MichaelChirico MichaelChirico - 2 months ago 13
R Question

Defining an infix operator for use within a formula

I'm trying to create a more parsimonious version of this solution, which entails specifying the RHS of a formula in the form

d1 + d1:d2
.

Given that
*
in the context of a formula is a pithy stand-in for full interaction (i.e.
d1 * d2
gives
d1 + d2 + d1:d2
), my approach has been to try and define an alternative operator, say
%+:%
using the infix approach I've grown accustomed to in other applications, a la:

"%+:%" <- function(d1,d2) d1 + d2 + d1:d2


However, this predictably fails because I haven't been careful about evaluation; let's introduce an example to illustrate my progress:

set.seed(1029)
v1 <- runif(1000)
v2 <- runif(1000)
y <- .8*(v1 < .3) + .2 * (v2 > .25 & v2 < .8) -
.4 * (v2 > .8) + .1 * (v1 > .3 & v2 > .8)


With this example, hopefully it's clear why simply writing out the two terms might be undesirable:

y ~ cut(v2, breaks = c(0, .25, .8, 1)) +
cut(v2, breaks = c(0, .25, .8, 1)):I(v1 < .3)


One workaround which is close to my desired output is to define the whole formula as a function:

plus.times <- function(outvar, d1, d2){
as.formula(paste0(quote(outvar), "~", quote(d1),
"+", quote(d1), ":", quote(d2)))
}


This gives the expected coefficients when passed to
lm
, but with names that are harder to interpret directly (especially in the real data where we take care to give
d1
and
d2
descriptive names, in contrast to this generic example):

out1 <- lm(y ~ cut(v2, breaks = c(0, .25, .8, 1)) +
cut(v2, breaks = c(0, .25, .8, 1)):I(v1 < .3))
out2 <- lm(plus.times(y, cut(v2, breaks = c(0, .25, .8, 1)), I(v1 < .3)))
any(out1$coefficients != out2$coefficients)
# [1] FALSE
names(out2$coefficients)
# [1] "(Intercept)" "d1(0.25,0.8]" "d1(0.8,1]" "d1(0,0.25]:d2TRUE"
# [5] "d1(0.25,0.8]:d2TRUE" "d1(0.8,1]:d2TRUE"


So this is less than optimal.

Is there any way to define the adjust the code so that the infix operator I mentioned above works as expected? How about altering the form of
plus.times
so that the variables are not renamed?

I've been poking around (
?formula
,
?"~"
,
?":"
,
getAnywhere(formula.default)
, this answer, etc.) but haven't seen how exactly R interprets
*
when it's encountered in a formula so that I can make my desired minor adjustments.

Answer

You do not need to define a new operator in this case: in a formula d1/d2 expands to d1 + d1:d2. In other words d1/d2 specifies that d2 is nested within d1. Continuing your example:

out3 <- lm(y ~ cut(v2,breaks=c(0,.25,.8,1))/I(v1 < .3))
all.equal(coef(out1), coef(out3))
# [1] TRUE

Further comments

Factors may be crossed or nested. Two factors are crossed if it possible to observe every combination of levels of the two factors, e.g. sex and treatment, temperature and pH, etc. A factor is nested within another if each level of that factor can only be observed within one of the levels of the other factor, e.g. town and country, staff member and store etc.
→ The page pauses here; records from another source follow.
text \<open>Commutation with u: u v has the expansion with coefficients shifted by one place,
  and the transport lemma compares it with the canonical one.\<close>
lemma psi_commutes:
  assumes g: "\<And>q. (*v) g ` Wq u \<zeta> q \<subseteq> Wq u \<zeta> q"
  shows "psi g ** u = u ** psi g"
proof -
  have "psi g *v (u *v v) = u *v (psi g *v v)" for v
  proof -
    define b where "b = case_nat 0 (\<lambda>l. coeff l v)"
    have "assemble (\<lambda>l. coeff l (u *v v)) (Suc N) = u *v v"
      by (simp add: assemble_stable flip: expansion)
    moreover have "assemble b (Suc N) = u *v v"
      by (simp add: assemble_shift b_def flip: expansion)
    ultimately have "assemble (\<lambda>l. g *v coeff l (u *v v)) (Suc N) = assemble (\<lambda>l. g *v b l) (Suc N)"
      by (intro assemble_transport[OF g]) simp
    moreover have "assemble (\<lambda>l. g *v coeff l (u *v v)) (Suc N) = psi g *v (u *v v)"
      by (simp add: assemble_stable psi_apply)
    moreover have "assemble (\<lambda>l. g *v b l) (Suc N) = u *v (psi g *v v)"
      by (simp add: assemble_shift psi_apply b_def)
    ultimately show ?thesis by simp
  qed
  then show ?thesis by (simp add: matrix_eq matrix_vector_mul_assoc)
qed

text \<open>\<psi>(g) induces g on W, since \<zeta> reads off the 0-th coefficient \<zeta> v.\<close>
lemma psi_induces: "\<zeta> ** psi g = g ** \<zeta>"
proof -
  have "\<zeta> *v (psi g *v v) = g *v (\<zeta> *v v)" for v
    using mpow_vanish_pos[OF nilpotent] by (simp add: psi_apply \<zeta>_assemble coeff_def)
  then show ?thesis by (simp add: matrix_eq flip: matrix_vector_mul_assoc)
qed

lemma induced_map_psi: "induced_map \<zeta> (psi g) = g"
  unfolding induced_map_def
proof (rule the_equality)
  show "g ** \<zeta> = \<zeta> ** psi g" by (simp add: psi_induces)
next
  have \<zeta>S: "\<zeta> ** S = mat 1" by (simp add: matrix_eq is_section flip: matrix_vector_mul_assoc)
  fix h assume "h ** \<zeta> = \<zeta> ** psi g"
  then have "h ** \<zeta> ** S = g ** \<zeta> ** S" by (simp add: psi_induces)
  then show "h = g" by (simp add: \<zeta>S flip: matrix_mul_assoc)
qed

lemma psi_regular: "regular_on X psi"
  unfolding regular_on_def
proof (intro allI)
  fix i j
  define p where "p = (\<lambda>g::complex^'m^'m. \<Sum>l<N. \<Sum>k\<in>UNIV.
      (\<Sum>a\<in>UNIV. (mpow u l ** S) $ i $ a * g $ a $ k) * (\<zeta> ** mpow T l) $ k $ j)"
  have "p \<in> polyfun" unfolding p_def
    by (intro polyfun_sum pf_mult pf_const pf_coord finite_lessThan) simp_all
  moreover have "psi g $ i $ j = p g / det g ^ 0" for g
    by (simp add: psi_def p_def matrix_matrix_mult_def)
  ultimately show "\<exists>p\<in>polyfun. \<exists>k::nat. \<forall>g\<in>X. psi g $ i $ j = p g / det g ^ k" by blast
qed

text \<open>On P the map \<psi> is a morphism of algebraic groups into Z(u); invertibility of \<psi>(g)
  follows from \<psi>(g) \<psi>(g') = \<psi>(g g') = 1 for an inverse g' of g.\<close>
lemma psi_alg_group_hom: "alg_group_hom (Pgrp u \<zeta>) (centralizer u) psi"
proof -
  have preserves: "(*v) g ` Wq u \<zeta> q \<subseteq> Wq u \<zeta> q" if "g \<in> Pgrp u \<zeta>" for g q
    using that unfolding Pgrp_def by auto
  have "psi g \<in> centralizer u" if g: "g \<in> Pgrp u \<zeta>" for g
  proof -
    obtain g' where "g ** g' = mat 1" using g unfolding Pgrp_def invertible_def by blast
    then have "psi g ** psi g' = mat 1" using psi_mult[OF preserves[OF g]] psi_one by simp
    then have "invertible (psi g)" using invertible_right_inverse by blast
    then show ?thesis using psi_commutes[OF preserves[OF g]] unfolding centralizer_def by simp
  qed
  then show ?thesis
    unfolding alg_group_hom_def using psi_mult[OF preserves] psi_regular by simp
qed

end

text \<open>For nilpotent u and W = V / Im u, the data of the locale exist: S by lifting along the
  kernel filtration of u, and T by composing 1 - S \<zeta> (which lands in ker \<zeta> = Im u) with a
  right inverse of u on its range.\<close>
lemma filtered_splitting_exists:
  fixes u :: "complex^'n^'n" and \<zeta> :: "complex^'n^'m"
  assumes nil: "mpow u N = 0" and quot: "is_quotient_by_image u \<zeta>"
  shows "\<exists>S T. filtered_splitting u \<zeta> N S T"
proof -
  have surj: "range ((*v) \<zeta>) = UNIV" and ker: "{v. \<zeta> *v v = 0} = range ((*v) u)"
    using quot unfolding is_quotient_by_image_def by auto
  define K where "K q = {v. mpow u q *v v = 0}" for q
  have K_full: "K p = UNIV" if "N \<le> p" for p
    unfolding K_def using mpow_vanish_beyond[OF nil that] by simp
  have "\<exists>S :: complex^'m^'n. \<forall>q. \<forall>y \<in> (*v) \<zeta> ` K q. \<zeta> *v (S *v y) = y \<and> S *v y \<in> K q"
    by (rule filtered_lift[where N=N])
      (use K_full in \<open>auto simp: K_def vec.subspace_kernel intro: mpow_kernel_mono\<close>)
  then obtain S :: "complex^'m^'n"
    where S: "\<And>q y. y \<in> (*v) \<zeta> ` K q \<Longrightarrow> \<zeta> *v (S *v y) = y \<and> S *v y \<in> K q"
    by blast
  have is_section: "\<zeta> *v (S *v y) = y" for y
    using S[of y N] K_full[of N] surj by auto
  obtain R :: "complex^'n^'n" where R: "\<And>y. y \<in> range ((*v) u) \<Longrightarrow> u *v (R *v y) = y"
    using right_inverse_on_range[of u] by blast
  define T where "T = R ** (mat 1 - S ** \<zeta>)"
  have "u *v (T *v v) = v - S *v (\<zeta> *v v)" for v
  proof -
    have "v - S *v (\<zeta> *v v) \<in> range ((*v) u)"
      using ker is_section by (auto simp: matrix_vector_mult_diff_distrib)
    then show ?thesis
      using R by (simp add: T_def matrix_vector_mult_diff_rdistrib flip: matrix_vector_mul_assoc)
  qed
  moreover have "\<zeta> *v (u *v v) = 0" for v using ker by auto
  moreover have "mpow u q *v (S *v y) = 0" if "y \<in> Wq u \<zeta> q" for q y
    using S that unfolding Wq_def K_def by blast
  ultimately have "filtered_splitting u \<zeta> N S T"
    using nil is_section by unfold_locales
  then show ?thesis by blast
qed

theorem lemma3p6:
  fixes u :: "complex^'n^'n" and \<zeta> :: "complex^'n^'m"
  assumes "nilpotent_mat u"
    and "is_quotient_by_image u \<zeta>"
  shows "\<exists>\<psi>. alg_group_hom (Pgrp u \<zeta>) (centralizer u) \<psi>
           \<and> (\<forall>g\<in>Pgrp u \<zeta>. induced_map \<zeta> (\<psi> g) = g)"
proof -
  obtain N where "mpow u N = 0"
    using assms(1) unfolding nilpotent_mat_def by blast
  then obtain S T where "filtered_splitting u \<zeta> N S T"
    using filtered_splitting_exists assms(2) by blast
  then interpret filtered_splitting u \<zeta> N S T .
  show ?thesis using psi_alg_group_hom induced_map_psi by blast
qed

end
These relationships are reflected in the parametrization of the model. For crossed factors we use d1*d2 or d1 + d2 + d1:d2, to give the main effect of each factor, plus the interaction. For nested factors we use d1/d2 or d1 + d1:d2 to give a separate submodel of the form 1 + d2 for each level of d1.

The idea of nesting is not restricted to factors, for example we may use sex/x to fit a separate linear regression on x for males and females.

In a formula, %in% is equivalent to :, but it may be used to emphasize the nested, or hierarchical structure of the data/model. For example, a + b %in% a is the same as a + a:b, but reading it as "a plus b within a" gives a better description of the model being fitted. Even so, using / has the advantage of simplifying the model formula at the same time as emphasizing the structure.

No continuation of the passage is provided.